What to work on:
Give again, word for word, each line below starting at the one that contains "by (simp add: perp_proj_def inner_add_left" and ending at the one that contains "y) = perp_proj".

[Stored data entries]

(* Let $K$ be a nonempty compact convex set in $\mathbb{R}^n$ and $u$ a unit vector. Then $$\Omega(\mathrm{s}_uK)\ge\Omega(K).$$ If $K$ has nonempty interior, equality holds if and only if $\mathrm{s}_uK=K$.
   Context: For a nonempty compact convex $K\subseteq\mathbb{R}^n$ and a unit vector $u$, the Steiner symmetrization $\mathrm{s}_uK$ is defined as follows: for each point $x$ of the orthogonal projection $\pi_uK$ of $K$ onto $u^\perp$, let $\ell_x(K)$ be the length of the segment $K\cap(x+\mathbb{R}u)$; then $\mathrm{s}_uK=\{x+tu:\ x\in\pi_uK,\ |t|\le \tfrac12\ell_x(K)\}$. $B$ is the closed unit ball centered at the origin, $V_n$ is $n$-dimensional volume. The layering function is $\Omega(K)=\int_0^\infty V_n(K\cap rB)\,e^{-r^2}\,dr$. *)

theory Defs
  imports "HOL-Analysis.Analysis"
begin

definition perp_proj :: "'a::euclidean_space \<Rightarrow> 'a \<Rightarrow> 'a" where
  "perp_proj u x = x - (x \<bullet> u) *\<^sub>R u"

text \<open>Length of the chord K \<inter> (x + \<real>u), measured as the 1-dimensional Lebesgue
  measure of the parameter set (u is a unit vector).\<close>
definition chord_length :: "'a::euclidean_space \<Rightarrow> 'a set \<Rightarrow> 'a \<Rightarrow> real" where
  "chord_length u K x = measure lborel {t::real. x + t *\<^sub>R u \<in> K}"

definition steiner :: "'a::euclidean_space \<Rightarrow> 'a set \<Rightarrow> 'a set" where
  "steiner u K = {x + t *\<^sub>R u | x t. x \<in> perp_proj u ` K \<and> \<bar>t\<bar> \<le> chord_length u K x / 2}"

definition layering :: "'a::euclidean_space set \<Rightarrow> real" where
  "layering K = (\<integral>r\<in>{0..}. measure lebesgue (K \<inter> cball 0 r) * exp (- (r\<^sup>2)) \<partial>lborel)"

end

theory Submission
  imports Defs "HOL-Probability.Distributions"
begin

(* The proof compares K and s_u K line by line.  On a line w + \<real>u (w \<perpendicular> u) the chord of
   a compact convex K is an interval [a,b], the chord of s_u K is the centred interval
   [-(b-a)/2,(b-a)/2], and the chord of rB is a centred interval [-\<rho>,\<rho>]; a centred interval
   meets [-\<rho>,\<rho>] in at least as much length as any interval of the same length.  A
   Cavalieri principle in direction u turns this into V(K \<inter> rB) \<le> V(s_u K \<inter> rB) for all r,
   which gives the inequality after integration against e^(-r^2).

   For the equality case, a point of K outside s_u K yields a small ball in K \<setminus> s_u K.  For
   all lines through a cylinder around that ball and all radii r in a short interval, the
   line-wise comparison holds with a uniform gain; this gives a uniform gap between the layer
   volumes on an interval of radii, hence a strict inequality for Omega.  Finally K \<subseteq> s_u K
   already forces s_u K = K. *)

section \<open>Lines in direction u\<close>

lemma perp_proj_orthogonal: "norm u = 1 \<Longrightarrow> perp_proj u z \<bullet> u = 0"
  by (simp add: perp_proj_def inner_diff_left norm_eq_1)

lemma perp_proj_decomp: "perp_proj u z + (z \<bullet> u) *\<^sub>R u = z"
  by (simp add: perp_proj_def)

lemma perp_proj_add_line: "norm u = 1 \<Longrightarrow> perp_proj u (z + t *\<^sub>R u) = perp_proj u z"
  by (simp add: perp_proj_def inner_add_left norm_eq_1 algebra_simps)

lemma perp_proj_fixed: "w \<bullet> u = 0 \<Longrightarrow> perp_proj u w = w"
  by (simp add: perp_proj_def)

lemma perp_proj_line: "norm u = 1 \<Longrightarrow> w \<bullet> u = 0 \<Longrightarrow> perp_proj u (w + t *\<^sub>R u) = w"
  by (simp add: perp_proj_add_line perp_proj_fixed)

lemma perp_proj_diff: "perp_proj u (x - y) = perp_proj u x - perp_proj u y"
  by (simp add: perp_proj_def inner_diff_left algebra_simps)

lemma norm_perp_proj_le:
  assumes "norm u = 1" shows "norm (perp_proj u x) \<le> norm x"
proof -
  have "perp_proj u x \<bullet> perp_proj u x = x \<bullet> x - (x \<bullet> u)\<^sup>2"
    using assms by (simp add: perp_proj_def norm_eq_1 inner_diff_left inner_diff_right
        inner_commute power2_eq_square)
  then have "(norm (perp_proj u x))\<^sup>2 \<le> (norm x)\<^sup>2" by (simp add: power2_norm_eq_inner)
  then show ?thesis using power2_le_imp_le by fastforce
qed

lemma continuous_perp_proj: "continuous_on UNIV (perp_proj u)"
  unfolding perp_proj_def[abs_def] by (intro continuous_intros)

lemma borel_measurable_perp_proj[measurable]: "perp_proj u \<in> borel_measurable borel"
  by (rule borel_measurable_continuous_onI[OF continuous_perp_proj])

lemma inner_line: "norm u = 1 \<Longrightarrow> w \<bullet> u = 0 \<Longrightarrow> (w + t *\<^sub>R u) \<bullet> u = t"
  by (simp add: inner_add_left norm_eq_1)

lemma norm_line: "norm u = 1 \<Longrightarrow> w \<bullet> u = 0 \<Longrightarrow> (norm (w + t *\<^sub>R u))\<^sup>2 = (norm w)\<^sup>2 + t\<^sup>2"
  unfolding power2_norm_eq_inner
  by (simp add: norm_eq_1 inner_add_left inner_add_right inner_commute power2_eq_square)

Result of this task:
  by (simp add: perp_proj_def inner_add_left norm_eq_1 algebra_simps)

lemma perp_proj_fixed: "w \<bullet> u = 0 \<Longrightarrow> perp_proj u w = w"
  by (simp add: perp_proj_def)

lemma perp_proj_line: "norm u = 1 \<Longrightarrow> w \<bullet> u = 0 \<Longrightarrow> perp_proj u (w + t *\<^sub>R u) = w"
  by (simp add: perp_proj_add_line perp_proj_fixed)

lemma perp_proj_diff: "perp_proj u (x - y) = perp_proj u x - perp_proj u y"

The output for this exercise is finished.